■ Exercise ■
Locate the string "intro" in the listing below. Copy every line where it is found.

____________

lemma Pr_proportional:
  assumes subset: "setA s P M \<subseteq> {..<N}" and "P \<ge> 1" and "M \<ge> 1"
    and "y < N" and good: "goodY N P M y"
  shows "PrQFT N s P M y > 0" and "PrQHS N s P M y > 0"
    and "PrAmp N s P M y = ampRatio N M * PrQFT N s P M y"
    and "PrAmp N s P M y = 2 * ampRatio N M * PrQHS N s P M y"
proof -
  have N_pos: "N > 0" using \<open>y < N\<close> by simp
  have "y \<noteq> 0" using good unfolding goodY_def by (cases "y = 0") auto
  then have y: "y mod N \<noteq> 0" using \<open>y < N\<close> by simp
  have "(\<Sum>x\<in>setA s P M. omega N ^ (x * y)) \<noteq> 0"
    using sum_setA_omega_power_nonzero assms N_pos by simp
  then have "(cmod (\<Sum>x\<in>setA s P M. omega N ^ (x * y)))\<^sup>2 > 0" by simp
  then show "PrQFT N s P M y > 0" and "PrQHS N s P M y > 0"
    and "PrAmp N s P M y = ampRatio N M * PrQFT N s P M y"
    and "PrAmp N s P M y = 2 * ampRatio N M * PrQHS N s P M y"
    unfolding PrAmp_eq[OF subset N_pos y] PrQFT_eq[OF subset N_pos y] PrQHS_eq[OF subset N_pos y]
      ampRatio_def using N_pos by (simp_all add: field_simps power2_eq_square)
qed

lemma sum_divide_sum_eq_const:
  fixes f g :: "'a \<Rightarrow> real"
  assumes "finite S" and "S \<noteq> {}" and "\<And>x. x \<in> S \<Longrightarrow> g x > 0 \<and> f x = c * g x"
  shows "(\<Sum>x\<in>S. f x) / (\<Sum>x\<in>S. g x) = c"
proof -
  have "(\<Sum>x\<in>S. g x) > 0" using assms by (intro sum_pos) auto
  moreover have "(\<Sum>x\<in>S. f x) = c * (\<Sum>x\<in>S. g x)"
    unfolding sum_distrib_left using assms(3) by simp
  ultimately show ?thesis by simp
qed

theorem mainTheorem4:
  fixes N s P M :: nat
  assumes "N \<ge> 2" and "P \<ge> 1" and "M \<ge> 1" and "M < N"
    and "s + (M - 1) * P \<le> N - 1"
    and "2 * M \<le> N"
  shows
   "(\<forall>y<N. goodY N P M y \<longrightarrow>
       real N / (4 * real M) * (real N / (real N - real M))
          \<ge> PrAmp N s P M y / PrQFT N s P M y \<and>
       PrAmp N s P M y / PrQFT N s P M y
          \<ge> real N / (4 * real M) * (real N / (real N - real M)) * (1 - 2 * real M / real N)\<^sup>2 \<and>
       real N / (2 * real M) * (real N / (real N - real M))
          \<ge> PrAmp N s P M y / PrQHS N s P M y \<and>
       PrAmp N s P M y / PrQHS N s P M y
          \<ge> real N / (2 * real M) * (real N / (real N - real M)) * (1 - 2 * real M / real N)\<^sup>2 \<and>
       PrAmp N s P M y / PrQFT N s P M y
          = (real N)\<^sup>2 / (4 * (real M)\<^sup>2) * (tan (gtheta N M))\<^sup>2
              * (sin (2 * real (gk N M) * gtheta N M))\<^sup>2 \<and>
       PrAmp N s P M y / PrQHS N s P M y
          = (real N)\<^sup>2 / (2 * (real M)\<^sup>2) * (tan (gtheta N M))\<^sup>2
              * (sin (2 * real (gk N M) * gtheta N M))\<^sup>2)
    \<and>
    (\<forall>S. S \<noteq> {} \<and> S \<subseteq> {y. y < N \<and> goodY N P M y} \<longrightarrow>
       real N / (4 * real M) * (real N / (real N - real M))
          \<ge> (\<Sum>y\<in>S. PrAmp N s P M y) / (\<Sum>y\<in>S. PrQFT N s P M y) \<and>
       (\<Sum>y\<in>S. PrAmp N s P M y) / (\<Sum>y\<in>S. PrQFT N s P M y)
          \<ge> real N / (4 * real M) * (real N / (real N - real M)) * (1 - 2 * real M / real N)\<^sup>2 \<and>
       real N / (2 * real M) * (real N / (real N - real M))
          \<ge> (\<Sum>y\<in>S. PrAmp N s P M y) / (\<Sum>y\<in>S. PrQHS N s P M y) \<and>
       (\<Sum>y\<in>S. PrAmp N s P M y) / (\<Sum>y\<in>S. PrQHS N s P M y)
          \<ge> real N / (2 * real M) * (real N / (real N - real M)) * (1 - 2 * real M / real N)\<^sup>2)"
proof -
  let ?R = "ampRatio N M"
  have M_bounds: "0 < M" "M < N" using assms by simp_all
  have proportional: "PrQFT N s P M y > 0 \<and> PrAmp N s P M y = ?R * PrQFT N s P M y"
    "PrQHS N s P M y > 0 \<and> PrAmp N s P M y = (2 * ?R) * PrQHS N s P M y"
    if "y \<in> {y. y < N \<and> goodY N P M y}" for y
    using Pr_proportional[OF setA_subset_lessThan] that assms by auto
  have ratio_QFT: "(\<Sum>y\<in>S. PrAmp N s P M y) / (\<Sum>y\<in>S. PrQFT N s P M y) = ?R"
    and ratio_QHS: "(\<Sum>y\<in>S. PrAmp N s P M y) / (\<Sum>y\<in>S. PrQHS N s P M y) = 2 * ?R"
    if "S \<noteq> {}" "S \<subseteq> {y. y < N \<and> goodY N P M y}" for S
    using that proportional by (auto intro!: sum_divide_sum_eq_const finite_subset[of S "{..<N}"])
  have pointwise: "PrAmp N s P M y / PrQFT N s P M y = ?R" "PrAmp N s P M y / PrQHS N s P M y = 2 * ?R"
    if "y < N" "goodY N P M y" for y
    using ratio_QFT[of "{y}"] ratio_QHS[of "{y}"] that by simp_all
  show ?thesis
    using ampRatio_le[OF M_bounds] ampRatio_ge[OF M_bounds(1) assms(6)] double_ampRatio[OF M_bounds(1) assms(6)]
      ampRatio_eq_tan[OF M_bounds, symmetric]
    by (intro conjI allI impI) (simp_all only: pointwise ratio_QFT ratio_QHS simp_thms)
qed

end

____________

■ Output of the task ■
  have "(\<Sum>x\<in>S. g x) > 0" using assms by (intro sum_pos) auto
    using that proportional by (auto intro!: sum_divide_sum_eq_const finite_subset[of S "{..<N}"])
    by (intro conjI allI impI) (simp_all only: pointwise ratio_QFT ratio_QHS simp_thms)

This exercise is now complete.